The Company of Biologists
Title: Seasonal Change in the Capacity for Supercooling By Neonatal Painted Turtles
Description:
ABSTRACT
Hatchlings of the North American painted turtle (Chrysemys picta) typically spend their first winter of life inside the shallow, subterranean nest where they completed incubation the preceding summer.
This facet of their natural history commonly causes neonates in northerly populations to be exposed in mid-winter to ice and cold, which many animals survive by remaining unfrozen and supercooled.
We measured the limit of supercooling in samples of turtles taken shortly after hatching and in other samples after 2 months of acclimation (or acclimatization) to a reduced temperature in the laboratory or field.
Animals initially had only a limited capacity for supercooling, but they acquired an ability to undergo deeper supercooling during the course of acclimation.

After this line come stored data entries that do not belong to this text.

(* Let ${\cal X}$ be a real Hilbert space, $M\in\mathbb{N}_0$ and $\kappa_1,\kappa_2>0$. For all $j\in\{1,\dots,M\}$ let $(s_j,y_j)\in{\cal X}\times{\cal X}$ satisfy $$\frac{y_j^Ts_j}{\|s_j\|^2}\ge\frac1{\kappa_1}\qquad\text{and}\qquad\frac{y_j^Ts_j}{\|y_j\|^2}\ge\frac1{\kappa_2}.$$ Let $B^{(0)}\in\mathcal{L}_+({\cal X})$, set $B_0:=B^{(0)}$ and $$B_j:=B_{j-1}+\frac{y_jy_j^T}{y_j^Ts_j}-\frac{B_{j-1}s_js_j^TB_{j-1}}{s_j^TB_{j-1}s_j},\qquad j=1,\dots,M,$$ and $B:=B_M$. Then $B\in\mathcal{L}_+({\cal X})$, $$\|B\|\le\|B^{(0)}\|+M\kappa_2,$$ and $$\|B^{-1}\|\le5^M\max\{1,\|(B^{(0)})^{-1}\|\}\max\{1,\kappa_1^M,(\kappa_1\kappa_2)^M\}.$$
   Context: ${\cal X}$ is a real Hilbert space with inner product written $x^Ty$ and induced norm $\|\cdot\|$; for $u,v\in{\cal X}$, $uv^T$ denotes the operator $w\mapsto u\,(v^Tw)$. $\mathcal{L}({\cal X})$ is the space of bounded linear operators on ${\cal X}$ and $\mathcal{L}_+({\cal X})$ the set of self-adjoint positive definite operators in $\mathcal{L}({\cal X})$. Operator norms are the induced norms. *)

theory Defs
  imports "HOL-Analysis.Analysis"
begin

definition rank1 :: "'a::real_inner \<Rightarrow> 'a \<Rightarrow> ('a \<Rightarrow>\<^sub>L 'a)" where
  "rank1 u v = Blinfun (\<lambda>w. (v \<bullet> w) *\<^sub>R u)"

text \<open>Self-adjoint positive definite bounded operators (positive definite in the
  Hilbert-space sense: uniformly positive, x^T A x \<ge> c ||x||^2 with c > 0).\<close>
definition Lplus :: "('a::{real_inner,complete_space} \<Rightarrow>\<^sub>L 'a) set" where
  "Lplus = {A. (\<forall>x y. (blinfun_apply A x) \<bullet> y = x \<bullet> (blinfun_apply A y)) \<and>
               (\<exists>c>0. \<forall>x. x \<bullet> (blinfun_apply A x) \<ge> c * (norm x)\<^sup>2)}"

definition blinfun_inv :: "('a::real_normed_vector \<Rightarrow>\<^sub>L 'a) \<Rightarrow> ('a \<Rightarrow>\<^sub>L 'a)" where
  "blinfun_inv A = (SOME C. A o\<^sub>L C = id_blinfun \<and> C o\<^sub>L A = id_blinfun)"

fun bfgs_seq :: "('a::real_inner \<Rightarrow>\<^sub>L 'a) \<Rightarrow> (nat \<Rightarrow> 'a) \<Rightarrow> (nat \<Rightarrow> 'a) \<Rightarrow> nat \<Rightarrow> ('a \<Rightarrow>\<^sub>L 'a)" where
  "bfgs_seq B0 s y 0 = B0"
| "bfgs_seq B0 s y (Suc j) =
     (let Bp = bfgs_seq B0 s y j; sj = s (Suc j); yj = y (Suc j) in
        Bp + (1 / (yj \<bullet> sj)) *\<^sub>R rank1 yj yj
           - (1 / (sj \<bullet> blinfun_apply Bp sj)) *\<^sub>R (rank1 (blinfun_apply Bp sj) sj o\<^sub>L Bp))"

end

theory Submission
  imports Defs
begin

text \<open>Everything is read off the quadratic forms q_j(x) = x^T B_j x. An update adds
  (y^T x)^2/(y^T s) \<le> \<kappa>2 ||x||^2 and subtracts a term that, by the Cauchy-Schwarz
  inequality for the form of B_{j-1}, never exceeds q_{j-1}(x); this keeps B_j positive
  semidefinite and gives the bound on ||B||. For coercivity split x = z + \<alpha> s with z
  B_{j-1}-orthogonal to s: then q_j(x) = q_{j-1}(z) + (y^T x)^2/(y^T s), while
  ||x|| \<le> |y^T x|/(y^T s) ||s|| + (1 + ||y|| ||s||/(y^T s)) ||z||, and a weighted
  Cauchy-Schwarz inequality turns a coercivity constant h of B_{j-1} into the constant
  \<kappa>1 + (2 + 2 \<kappa>1 \<kappa>2) h \<le> 5 max {1, \<kappa>1, \<kappa>1 \<kappa>2} h of B_j. A coercive operator on a
  Hilbert space is invertible, with the coercivity constant bounding the norm of the
  inverse (b is reached as the fixed point of the contraction x \<mapsto> x - t (B x - b)), and
  ||(B^{(0)})^{-1}|| is a coercivity constant of B^{(0)}.\<close>

definition selfadjoint :: "('a::real_inner \<Rightarrow>\<^sub>L 'a) \<Rightarrow> bool" where
  "selfadjoint A \<longleftrightarrow> (\<forall>x w. A x \<bullet> w = x \<bullet> A w)"

lemma selfadjoint_nonneg_Cauchy_Schwarz:
  assumes "selfadjoint A" and nonneg: "\<And>x. 0 \<le> x \<bullet> A x"
  shows "(w \<bullet> A x)\<^sup>2 \<le> (w \<bullet> A w) * (x \<bullet> A x)"
proof -
  define a b c where "a = x \<bullet> A x" and "b = w \<bullet> A x" and "c = w \<bullet> A w"
  have quadratic: "0 \<le> a + 2 * t * b + t\<^sup>2 * c" for t
  proof -
    have "0 \<le> (x + t *\<^sub>R w) \<bullet> A (x + t *\<^sub>R w)" by (rule nonneg)
    also have "\<dots> = a + 2 * t * b + t\<^sup>2 * c"
      using assms(1) unfolding a_def b_def c_def selfadjoint_def
      by (simp add: blinfun.bilinear_simps inner_add_left inner_add_right power2_eq_square
          algebra_simps inner_commute)
    finally show ?thesis .
  qed
  show ?thesis
  proof (cases "c = 0")
    case True
    have "b = 0"
    proof (rule ccontr)
      assume "b \<noteq> 0"
      then have "0 \<le> a + 2 * (- (a + 1) / (2 * b)) * b"
        using quadratic[of "- (a + 1) / (2 * b)"] True by simp
      with \<open>b \<noteq> 0\<close> show False by (simp add: field_simps)
    qed
    then show ?thesis using True by (simp add: b_def c_def)
  next
    case False
    then have "c > 0" using nonneg[of w] by (simp add: c_def)
    have "0 \<le> a + 2 * (- b / c) * b + (- b / c)\<^sup>2 * c" by (rule quadratic)
    also have "\<dots> = a - b\<^sup>2 / c" using False by (simp add: field_simps power2_eq_square)
    finally have "b\<^sup>2 \<le> a * c" using \<open>c > 0\<close> by (simp add: field_simps)
    then show ?thesis by (simp add: a_def b_def c_def mult.commute)
  qed
qed

lemma inner_blinfun_le_norm:
  fixes A :: "'a::real_inner \<Rightarrow>\<^sub>L 'a"
  shows "x \<bullet> A x \<le> norm A * (norm x)\<^sup>2"
proof -
  have "x \<bullet> A x \<le> norm x * (norm A * norm x)"
    by (rule order_trans[OF norm_cauchy_schwarz]) (simp add: mult_left_mono norm_blinfun)
  then show ?thesis by (simp add: power2_eq_square mult_ac)
qed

The gut of most turtles was packed with particles of soil and eggshell shortly after hatching, but not after acclimation.
Thus, the relatively high limit of supercooling for turtles in the days immediately after hatching may have resulted from the ingestion of soil (and associated nucleating agents) by the animals as they were freeing themselves from their eggshell, whereas the relatively low limit of supercooling attained by acclimated turtles may have resulted from their purging their gut of its contents.
Parallels may, therefore, exist between the natural-history strategy expressed by hatchling painted turtles and that expressed by numerous terrestrial arthropods that withstand the cold of winter by sustaining a state of supercooling.